We use the composite primary consists of channel_id and message_id.

channel_id is the group id, so we can know this message should be sent to which group.

user_id is the sender.

image-20240511181123970

How to generate message_id?

It's an important topic worth exploring. message_id must satisfy the following two requirements:

  1. IDs must be unique
  2. IDs should be sortable by time, meaning ID of new messages should be newer than old ones.

There are solutions come to mind:

  1. Use the auto_increment keyword in MySQL. However, NoSQL doesn't provide such a feature.
  2. Use UUID generator to generate global 64-bit sequence numbers like Snowflake.
  3. Use a local sequence number generator.
    1. Local means the message_id is only unique and ordered within a channel_id.
    2. This approach is easier than the global UUID generator.

Design Deep Dive

Service discovery

The service discovery will pick up the best services for clients based on predefined criteria.

  1. Geographical location, find the servers closest to the clients
  2. Server Capacity, for load balancing.
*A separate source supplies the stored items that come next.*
(* Assume $W_c$ satisfies Assumption 2. Then for all integers $k,n\ge2$, \[ \log P_j(k,n)\le\inf_{s\in(0,\frac12]}\left[\frac{-nsR+(n-1)\,U\big[W_s,W_c,\uparrow;\tfrac{k-1}{n-1}\big](s)}{1-s}+\frac{\overline\xi_{W_s}(s)+\overline\xi_{W_c}(s)}{1-s}\right]. \]
   Context: Setup. $\mathcal M$ is a finite set and $W_s=\{W_s(m|m')\}$ an irreducible aperiodic transition matrix on $\mathcal M$; the message $M^k$ has law $P_{M^k}(m^k)=P_{M_1}(m_1)\prod_{i=2}^kW_s(m_i|m_{i-1})$ for an initial distribution $P_{M_1}$. $\mathcal X$ is a finite abelian group, $\mathcal Z$ a finite set, $W_c=\{W_c(x,z|x',z')\}$ an irreducible aperiodic transition matrix on $\mathcal X\times\mathcal Z$, and $(X^n,Z^n)$ has law $P_{X^nZ^n}(x^n,z^n)=P_{X_1Z_1}(x_1,z_1)\prod_{i=2}^nW_c(x_i,z_i|x_{i-1},z_{i-1})$ for an initial distribution $P_{X_1Z_1}$. The channel maps input $\tilde x^n\in\mathcal X^n$ to output $(x^n,z^n)$ with probability $P_{X^nZ^n}(x^n-\tilde x^n,z^n)$. A code is $(\mathsf e,\mathsf d)$ with $\mathsf e:\mathcal M^k\to\mathcal X^n$, $\mathsf d:(\mathcal X\times\mathcal Z)^n\to\mathcal M^k$; $P_j(k,n)$ is the infimum over codes of the average (over $P_{M^k}$) decoding error probability. $R:=\log|\mathcal X|$. Assumption 2: either (i) for every $\theta\in(-\infty,1)$ and $z,z'$, $\sum_xW_c(x,z|x',z')^{1-\theta}$ does not depend on $x'$, or (ii) $|\mathcal Z|=1$. Either case implies that $W_{c,Z}(z|z'):=\sum_xW_c(x,z|x',z')$ is independent of $x'$. Perron–Frobenius notation: entrywise powers $a^t$ of transition probabilities are taken to be $0$ when $a=0$. For a nonnegative irreducible matrix $A$, $\lambda(A)$ is its Perron–Frobenius eigenvalue and $v_A$ the positive vector with $\sum_iv_A(i)A(i,j)=\lambda(A)v_A(j)$, normalized so $\min_iv_A(i)=1$. Quantities. $\theta H^{W_s}_{1-\theta}(M):=\log\lambda(A^s_\theta)$ with $A^s_\theta(m,m'):=W_s(m|m')^{1-\theta}$. For a transition matrix $V$ on $\mathcal Z$ with $V(z|z')>0$ whenever $W_{c,Z}(z|z')>0$, $H^{W_c|V}_{1-\theta}(X|Z):=\frac1\theta\log\lambda\big(W_c(x,z|x',z')^{1-\theta}V(z|z')^\theta\big)$, and $H^{W_c,\uparrow}_{1-\theta}(X|Z):=\max_VH^{W_c|V}_{1-\theta}(X|Z)$. For $r>0$: $U[W_s,W_c,\uparrow;r](\theta):=r\theta H^{W_s}_{1-\theta}(M)+\theta H^{W_c,\uparrow}_{1-\theta}(X|Z)$. $\overline\xi_{W_s}(\theta):=\log(v_{A^s_\theta}\cdot w^s_\theta)$ with $w^s_\theta(m):=P_{M_1}(m)^{1-\theta}$. If case (i) holds: $K_\theta(z,z'):=\big[\sum_xW_c(x,z|x',z')^{1-\theta}\big]^{\frac1{1-\theta}}$, $w^c_\theta(z):=\big[\sum_xP_{X_1Z_1}(x,z)^{1-\theta}\big]^{\frac1{1-\theta}}$ and $\overline\xi_{W_c}(\theta):=\log(v_{K_\theta}\cdot w^c_\theta)$. Otherwise ($|\mathcal Z|=1$, $W_c$ viewed as $W_c(x|x')$ on $\mathcal X$): $\overline\xi_{W_c}(\theta):=\log(v_{B_\theta}\cdot w_\theta)$ with $B_\theta(x,x'):=W_c(x|x')^{1-\theta}$, $w_\theta(x):=P_{X_1}(x)^{1-\theta}$. *)

theory Defs
  imports "HOL-Analysis.Analysis"
begin

text \<open>Transition matrices are functions W with W a b = W(a|b) (probability of going
  to a from b).\<close>

definition stochastic :: "('a::finite \<Rightarrow> 'a \<Rightarrow> real) \<Rightarrow> bool" where
  "stochastic W \<longleftrightarrow> (\<forall>a b. 0 \<le> W a b) \<and> (\<forall>b. (\<Sum>a\<in>UNIV. W a b) = 1)"

definition prob_vec :: "('a::finite \<Rightarrow> real) \<Rightarrow> bool" where
  "prob_vec P \<longleftrightarrow> (\<forall>a. 0 \<le> P a) \<and> (\<Sum>a\<in>UNIV. P a) = 1"

definition step_rel :: "('a \<Rightarrow> 'a \<Rightarrow> real) \<Rightarrow> ('a \<times> 'a) set" where
  "step_rel W = {(b, a). W a b > 0}"

definition irreducible_mat :: "('a::finite \<Rightarrow> 'a \<Rightarrow> real) \<Rightarrow> bool" where
  "irreducible_mat W \<longleftrightarrow> (\<forall>a b. (a, b) \<in> (step_rel W)\<^sup>+)"

definition aperiodic_mat :: "('a::finite \<Rightarrow> 'a \<Rightarrow> real) \<Rightarrow> bool" where
  "aperiodic_mat W \<longleftrightarrow> (\<forall>a. Gcd {n::nat. 0 < n \<and> (a, a) \<in> (step_rel W) ^^ n} = 1)"

definition irr_aper_chain :: "('a::finite \<Rightarrow> 'a \<Rightarrow> real) \<Rightarrow> bool" where
  "irr_aper_chain W \<longleftrightarrow> stochastic W \<and> irreducible_mat W \<and> aperiodic_mat W"

definition pf_root :: "('a::finite \<Rightarrow> 'a \<Rightarrow> real) \<Rightarrow> real" where
  "pf_root A = (THE r. \<exists>v. (\<forall>i. 0 < v i) \<and> (\<forall>j. (\<Sum>i\<in>UNIV. v i * A i j) = r * v j))"

definition pf_vec :: "('a::finite \<Rightarrow> 'a \<Rightarrow> real) \<Rightarrow> 'a \<Rightarrow> real" where
  "pf_vec A = (THE v. (\<forall>i. 0 < v i) \<and> (\<forall>j. (\<Sum>i\<in>UNIV. v i * A i j) = pf_root A * v j)
                     \<and> Min (range v) = 1)"

definition dotp :: "('a::finite \<Rightarrow> real) \<Rightarrow> ('a \<Rightarrow> real) \<Rightarrow> real" where
  "dotp v w = (\<Sum>i\<in>UNIV. v i * w i)"

definition markov_prob :: "('a \<Rightarrow> real) \<Rightarrow> ('a \<Rightarrow> 'a \<Rightarrow> real) \<Rightarrow> 'a list \<Rightarrow> real" where
  "markov_prob P1 W xs =
     (case xs of [] \<Rightarrow> 1
      | x # _ \<Rightarrow> P1 x * (\<Prod>i\<in>{1..<length xs}. W (xs ! i) (xs ! (i - 1))))"

text \<open>Average error probability of code (e, d) for block lengths k, n.  The channel
  output (x^n, z^n) has probability P_{X^nZ^n}(x^n - e(m^k), z^n).\<close>
definition code_error ::
  "('m::finite \<Rightarrow> real) \<Rightarrow> ('m \<Rightarrow> 'm \<Rightarrow> real) \<Rightarrow>
   ('x::{finite,ab_group_add} \<times> 'z::finite \<Rightarrow> real) \<Rightarrow> ('x \<times> 'z \<Rightarrow> 'x \<times> 'z \<Rightarrow> real) \<Rightarrow>
   nat \<Rightarrow> nat \<Rightarrow> ('m list \<Rightarrow> 'x list) \<Rightarrow> (('x \<times> 'z) list \<Rightarrow> 'm list) \<Rightarrow> real" where
  "code_error PM1 Ws PXZ1 Wc k n e d =
     (\<Sum>ms\<in>{ms. length ms = k}. markov_prob PM1 Ws ms *
        (\<Sum>ys\<in>{ys. length ys = n}.
            markov_prob PXZ1 Wc (map2 (\<lambda>(x, z) t. (x - t, z)) ys (e ms)) *
            (if d ys \<noteq> ms then 1 else 0)))"

definition Pj ::
  "('m::finite \<Rightarrow> real) \<Rightarrow> ('m \<Rightarrow> 'm \<Rightarrow> real) \<Rightarrow>
   ('x::{finite,ab_group_add} \<times> 'z::finite \<Rightarrow> real) \<Rightarrow> ('x \<times> 'z \<Rightarrow> 'x \<times> 'z \<Rightarrow> real) \<Rightarrow>
   nat \<Rightarrow> nat \<Rightarrow> real" where
  "Pj PM1 Ws PXZ1 Wc k n =
     Inf {code_error PM1 Ws PXZ1 Wc k n e d | e d.
            \<forall>ms. length ms = k \<longrightarrow> length (e ms) = n}"

definition assm2_i :: "('x::{finite,ab_group_add} \<times> 'z::finite \<Rightarrow> 'x \<times> 'z \<Rightarrow> real) \<Rightarrow> bool" where
  "assm2_i Wc \<longleftrightarrow> (\<forall>\<theta>::real. \<theta> < 1 \<longrightarrow> (\<forall>z z' x1 x2.
      (\<Sum>x\<in>UNIV. Wc (x, z) (x1, z') powr (1 - \<theta>)) = (\<Sum>x\<in>UNIV. Wc (x, z) (x2, z') powr (1 - \<theta>))))"

definition assm2 :: "('x::{finite,ab_group_add} \<times> 'z::finite \<Rightarrow> 'x \<times> 'z \<Rightarrow> real) \<Rightarrow> bool" where
  "assm2 Wc \<longleftrightarrow> assm2_i Wc \<or> CARD('z) = 1"

text \<open>Marginal W_{c,Z}(z|z') (independent of x' under Assumption 2; evaluated at x' = 0).\<close>
definition WcZ :: "('x::{finite,ab_group_add} \<times> 'z::finite \<Rightarrow> 'x \<times> 'z \<Rightarrow> real) \<Rightarrow> 'z \<Rightarrow> 'z \<Rightarrow> real" where
  "WcZ Wc z z' = (\<Sum>x\<in>UNIV. Wc (x, z) (0, z'))"

text \<open>theta * H^{W_s}_{1-theta}(M) = log lambda(A^s_theta).\<close>
definition As :: "('m \<Rightarrow> 'm \<Rightarrow> real) \<Rightarrow> real \<Rightarrow> 'm \<Rightarrow> 'm \<Rightarrow> real" where
  "As Ws \<theta> m m' = Ws m m' powr (1 - \<theta>)"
What's the diff between this and load balancer?

image-20240511182703749

Message Flow

1 on 1 chat flow

  • Message sync queue

image-20240511182717946

  • Message synchronization across multiple devices
    • The max_read_index on app of devices

image-20240511182747157

small group chat flow

available for a 500 ppl small group chat

Presence status: online/offline

login

  • set status as online

logout

  • set status as offline

disconnect

  • Heartbeat
  • Set status as offline while timeout

image-20240511183824732

Online status fanout

  • publish-subscribe channel

image-20240511183812976

Wrap Up

Additional talking points

  • Exetend the chat system to support photos and videos.
  • End-to-end encryption.
  • Caching messages on the client side.
  • Improve load time.
  • Fault tolerance.
    • Service single ponint of failure. State machine replication.
    • Message lost. Messsage resent mechanism.